§ The task: Among the entries below, take the line with "proof (rule LIMSEQ_le_const2)" and the line with "j) \<le> s 0 - s", and output them and every line between them exactly, with nothing else.

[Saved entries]

(* Assume (A1)–(A4) and let $b$ be consistent. Let $x^*$ be the unique solution of $\min\{f(Wx): x\in\mathscr D(W),\ Ax=b\}$ and let $y^*=Wx^*$. Then the ADMM iterates satisfy, as $k\to\infty$, $$x_k\to x^*,\quad y_k\to y^*,\quad Wx_k\to y^*,\quad f(y_k)\to f(y^* ),\quad D_{\mu_k}f(y^*,y_k)\to0.$$
   Context: $\mathcal X,\mathcal Y,\mathcal H$ are real Hilbert spaces. Standing assumptions: (A1) $A:\mathcal X\to\mathcal H$ is bounded linear. (A2) $f:\mathcal Y\to(-\infty,\infty]$ is proper, lower semicontinuous and strongly convex with constant $c_0>0$: $f(ty_1+(1-t)y_2)+c_0t(1-t)\|y_1-y_2\|^2\le tf(y_1)+(1-t)f(y_2)$ for all $y_1,y_2$, $t\in[0,1]$. (A3) $W:\mathscr D(W)\subset\mathcal X\to\mathcal Y$ is a densely defined closed linear operator. (A4) There is $c_1>0$ with $\|Ax\|^2+\|Wx\|^2\ge c_1\|x\|^2$ for all $x\in\mathscr D(W)$. $\mathscr D(f)=\{y:f(y)<\infty\}$; $b$ is consistent if $b=Ax$ for some $x\in\mathscr D(W)$ with $Wx\in\mathscr D(f)$. ADMM: fix $\rho_1,\rho_2>0$ and initial $y_0\in\mathcal Y$, $\lambda_0\in\mathcal H$, $\mu_0\in\mathcal Y$. For $k=0,1,\dots$: $x_{k+1}=\arg\min_{x\in\mathscr D(W)}\{\langle\lambda_k,Ax\rangle+\langle\mu_k,Wx\rangle+\frac{\rho_1}{2}\|Ax-b\|^2+\frac{\rho_2}{2}\|Wx-y_k\|^2\}$, $y_{k+1}=\arg\min_{y\in\mathcal Y}\{f(y)-\langle\mu_k,y\rangle+\frac{\rho_2}{2}\|Wx_{k+1}-y\|^2\}$, $\lambda_{k+1}=\lambda_k+\rho_1(Ax_{k+1}-b)$, $\mu_{k+1}=\mu_k+\rho_2(Wx_{k+1}-y_{k+1})$. (These minimizers exist and are unique.) One has $\mu_k\in\partial f(y_k)$ for $k\ge1$. Bregman distance: for $y$ with $\mu\in\partial f(y)$, $D_\mu f(\bar y,y)=f(\bar y)-f(y)-\langle\mu,\bar y-y\rangle$. *)

theory Defs
  imports "HOL-Analysis.Analysis"
begin

definition proper_fun :: "('a \<Rightarrow> ereal) \<Rightarrow> bool" where
  "proper_fun f \<longleftrightarrow> (\<forall>y. f y \<noteq> -\<infinity>) \<and> (\<exists>y. f y \<noteq> \<infinity>)"

definition lsc_fun :: "('a::topological_space \<Rightarrow> ereal) \<Rightarrow> bool" where
  "lsc_fun f \<longleftrightarrow> (\<forall>c::real. closed {y. f y \<le> ereal c})"

definition strongly_convex :: "real \<Rightarrow> ('a::real_normed_vector \<Rightarrow> ereal) \<Rightarrow> bool" where
  "strongly_convex c0 f \<longleftrightarrow>
     (\<forall>y1 y2 t. 0 \<le> t \<and> t \<le> 1 \<longrightarrow>
        f (t *\<^sub>R y1 + (1 - t) *\<^sub>R y2) + ereal (c0 * t * (1 - t) * (norm (y1 - y2))\<^sup>2)
          \<le> ereal t * f y1 + ereal (1 - t) * f y2)"

definition dd_closed_linear_op :: "'a::real_normed_vector set \<Rightarrow> ('a \<Rightarrow> 'b::real_normed_vector) \<Rightarrow> bool" where
  "dd_closed_linear_op D W \<longleftrightarrow>
     subspace D \<and>
     (\<forall>x\<in>D. \<forall>z\<in>D. W (x + z) = W x + W z) \<and>
     (\<forall>x\<in>D. \<forall>c. W (c *\<^sub>R x) = c *\<^sub>R W x) \<and>
     closure D = UNIV \<and>
     closed {(x, W x) | x. x \<in> D}"

definition bregman :: "('a::real_inner \<Rightarrow> ereal) \<Rightarrow> 'a \<Rightarrow> 'a \<Rightarrow> 'a \<Rightarrow> ereal" where
  "bregman f mu ybar y = f ybar - f y - ereal (inner mu (ybar - y))"

end

theory Submission
  imports Defs
begin

text \<open>
The optimality conditions of the two subproblems say that mu_k is a subgradient of f at y_k
and that lambda_k A + (mu_k + rho2 (y_k - y_(k-1))) W vanishes on D. Together with strong
convexity of f they give two descent inequalities: the residual energy
rho1/2 |A x_k - b|^2 + rho2/2 |W x_k - y_k|^2 + rho2/2 |y_k - y_(k-1)|^2 decreases by at least
2 c0 |y_(k+1) - y_k|^2, and a Lyapunov function built from the Bregman distance
D_k = D_(mu_k) f (y*, y_k) is quasi-Fejer with summable errors. Hence all residuals are square
summable, and since the energy is monotone it is even o(1/k). This rate controls the
multipliers, which are partial sums of residuals: by Cauchy-Schwarz
|sum_(j=p..l-1) r_(j+1)| |r_l| <= (sum_(j>p) |r_j|^2)^(1/2) (l |r_l|^2)^(1/2) tends to 0.
It yields <mu_k, y* - y_k> -> 0 and, through the strong convexity estimate
c0 |y_l - y_p|^2 <= D_p - D_l - <lambda_l - lambda_p, A x_l - b> - <mu_l - mu_p, W x_l - y_l> + ...,
that (y_k) is a Cauchy sequence. By (A4) and closedness of W the iterates x_k converge to a
feasible point; lower semicontinuity of f and optimality of x* identify the limit with x* and
force D_k -> 0.
\<close>

lemma norm_add_scaleR_sq:
  fixes u v :: "'a::real_inner"
  shows "(norm (u + t *\<^sub>R v))\<^sup>2 = (norm u)\<^sup>2 + 2 * t * inner u v + t\<^sup>2 * (norm v)\<^sup>2"
  unfolding power2_norm_eq_inner
  by (simp add: inner_add_left inner_add_right inner_commute power2_eq_square algebra_simps)

lemma inner_le_Young:
  fixes u v :: "'a::real_inner"
  assumes e: "e > 0"
  shows "inner u v \<le> e * (norm u)\<^sup>2 + (norm v)\<^sup>2 / (4 * e)"
proof -
  have "0 \<le> (norm ((2 * e) *\<^sub>R u - v))\<^sup>2" by simp
  also have "\<dots> = 4 * e * (e * (norm u)\<^sup>2 + (norm v)\<^sup>2 / (4 * e) - inner u v)"
    unfolding power2_norm_eq_inner using e
    by (simp add: inner_diff_left inner_diff_right inner_commute power2_eq_square field_simps)
  finally show ?thesis using e by (simp add: zero_le_mult_iff)
qed

lemma inner_le_half_sq:
  fixes u v :: "'a::real_inner"
  shows "inner u v \<le> (norm u)\<^sup>2 / 2 + (norm v)\<^sup>2 / 2"
  using inner_le_Young[of "1/2" u v] by simp

lemma linear_coeff_zero_if_quadratic_nonneg:
  fixes L Q :: real
  assumes "Q \<ge> 0" and nonneg: "\<And>t. t * L + t\<^sup>2 * Q \<ge> 0"
  shows "L = 0"
proof (rule ccontr)
  assume "L \<noteq> 0"
  define t where "t = - L / (Q + 1)"
  have "Q + 1 > 0" using \<open>Q \<ge> 0\<close> by simp
  then have "L + t * Q = - t"
    unfolding t_def by (simp add: field_simps)
  have "t * L + t\<^sup>2 * Q = t * (L + t * Q)" by (simp add: power2_eq_square algebra_simps)
  also have "\<dots> = - t\<^sup>2" using \<open>L + t * Q = - t\<close> by (simp add: power2_eq_square)
  moreover have "t \<noteq> 0" using \<open>L \<noteq> 0\<close> \<open>Q + 1 > 0\<close> by (simp add: t_def)
  ultimately show False using nonneg[of t] by simp
qed

lemma le_if_le_minus_small_multiples:
  fixes a b c :: real
  assumes le: "\<And>t. 0 < t \<Longrightarrow> t \<le> 1 \<Longrightarrow> b - t * c \<le> a"
  shows "b \<le> a"
proof (rule LIMSEQ_le_const2)
  show "(\<lambda>n. b - inverse (real (Suc n)) * c) \<longlonglongrightarrow> b"
    using tendsto_diff[OF tendsto_const tendsto_mult_left_zero[OF LIMSEQ_inverse_real_of_nat]] by simp
  show "\<exists>N. \<forall>n\<ge>N. b - inverse (real (Suc n)) * c \<le> a"
  proof (intro exI allI impI)
    fix n :: nat
    show "b - inverse (real (Suc n)) * c \<le> a" by (rule le) (auto simp: field_simps)
  qed
qed

lemma nonneg_descent:
  fixes s c :: "nat \<Rightarrow> real"
  assumes descent: "\<And>k. s (Suc k) + c k \<le> s k" and "\<And>k. 0 \<le> s k" and "\<And>k. 0 \<le> c k"
  shows "summable c" "s k \<le> s 0"
proof -
  have partial: "(\<Sum>j<n. c j) \<le> s 0 - s n" for n
  proof (induction n)
    case (Suc n)
    then show ?case using descent[of n] by simp
  qed simp
  have "(\<Sum>j<n. c j) \<le> s 0" for n using partial[of n] assms(2)[of n] by linarith
  then show "summable c"
    by (intro summableI_nonneg_bounded[where x = "s 0"]) (use assms(3) in auto)
  show "s k \<le> s 0" using partial[of k] sum_nonneg[of "{..<k}" c] assms(3) by fastforce
qed

lemma quasi_fejer:
  fixes u p e :: "nat \<Rightarrow> real"
  assumes step: "\<And>k. u (Suc k) + p (Suc k) \<le> u k + e k"
    and lower: "\<And>k. B \<le> u k" and "\<And>k. 0 \<le> p k" and "\<And>k. 0 \<le> e k" and "summable e"
  shows "summable p" "convergent u"
proof -
  define V where "V k = u k + (\<Sum>j<k. p (Suc j)) - (\<Sum>j<k. e j)" for k
  have dec: "decseq V"
    unfolding decseq_Suc_iff V_def using step by (simp add: algebra_simps)
  have e_le: "(\<Sum>j<k. e j) \<le> suminf e" for k
    using assms by (intro sum_le_suminf) auto
  have p_le: "(\<Sum>j<k. p (Suc j)) \<le> V 0 - B + suminf e" for k
    using decseqD[OF dec, of 0 k] lower[of k] e_le[of k] unfolding V_def by simp
  have "B - suminf e \<le> V k" for k
    using lower[of k] e_le[of k] sum_nonneg[of "{..<k}" "\<lambda>j. p (Suc j)"] assms(3)
    unfolding V_def by fastforce
  then obtain L where "V \<longlonglongrightarrow> L"
    using decseq_convergent[of V "B - suminf e"] dec by blast
  have summable_shift: "summable (\<lambda>j. p (Suc j))"
    by (rule summableI_nonneg_bounded[where x = "V 0 - B + suminf e"]) (use assms p_le in auto)
  then show "summable p" by (simp add: summable_Suc_iff)
  have "(\<lambda>k. V k - (\<Sum>j<k. p (Suc j)) + (\<Sum>j<k. e j)) \<longlonglongrightarrow> L - suminf (\<lambda>j. p (Suc j)) + suminf e"
    by (intro tendsto_intros \<open>V \<longlonglongrightarrow> L\<close> summable_LIMSEQ summable_shift \<open>summable e\<close>)
  moreover have "(\<lambda>k. V k - (\<Sum>j<k. p (Suc j)) + (\<Sum>j<k. e j)) = u"
    unfolding V_def by auto
  ultimately show "convergent u" unfolding convergent_def by auto
qed

lemma decreasing_summable_mult_index_tendsto_zero:
  fixes s :: "nat \<Rightarrow> real"
  assumes nonneg: "\<And>k. 0 \<le> s k" and dec: "decseq s" and "summable s"
  shows "(\<lambda>k. real k * s k) \<longlonglongrightarrow> 0"
proof (rule LIMSEQ_I)
  fix eps :: real assume "eps > 0"
  then obtain N where N: "\<And>m n. m \<ge> N \<Longrightarrow> norm (sum s {m..<n}) < eps / 2"
    using \<open>summable s\<close> unfolding summable_Cauchy by (meson half_gt_zero)
  show "\<exists>N. \<forall>k\<ge>N. norm (real k * s k - 0) < eps"
  proof (intro exI allI impI)
    fix k assume k: "k \<ge> 2 * N"
    define h where "h = k div 2"
    \<comment> \<open>k s k \<le> 2 (s h + ... + s (k - 1)), a tail of the convergent series\<close>
    have "real (k - h) * s k = (\<Sum>j\<in>{h..<k}. s k)" by simp
    also have "\<dots> \<le> (\<Sum>j\<in>{h..<k}. s j)"
      using dec by (intro sum_mono) (auto simp: decseq_def)
    also have "\<dots> < eps / 2"
      using N[of h k] k sum_nonneg[of "{h..<k}" s] nonneg by (simp add: h_def)
    finally have "real (k - h) * s k < eps / 2" .
    moreover have "real k \<le> 2 * real (k - h)" unfolding h_def by linarith
    ultimately have "real k * s k < eps"
      using nonneg[of k] mult_right_mono[of "real k" "2 * real (k - h)" "s k"] by linarith
    then show "norm (real k * s k - 0) < eps" using nonneg[of k] by simp
  qed
qed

§ Solution below:
proof (rule LIMSEQ_le_const2)
  show "(\<lambda>n. b - inverse (real (Suc n)) * c) \<longlonglongrightarrow> b"
    using tendsto_diff[OF tendsto_const tendsto_mult_left_zero[OF LIMSEQ_inverse_real_of_nat]] by simp
  show "\<exists>N. \<forall>n\<ge>N. b - inverse (real (Suc n)) * c \<le> a"
  proof (intro exI allI impI)
    fix n :: nat
    show "b - inverse (real (Suc n)) * c \<le> a" by (rule le) (auto simp: field_simps)
  qed
qed

lemma nonneg_descent:
  fixes s c :: "nat \<Rightarrow> real"
  assumes descent: "\<And>k. s (Suc k) + c k \<le> s k" and "\<And>k. 0 \<le> s k" and "\<And>k. 0 \<le> c k"
  shows "summable c" "s k \<le> s 0"
proof -
  have partial: "(\<Sum>j<n. c j) \<le> s 0 - s n" for n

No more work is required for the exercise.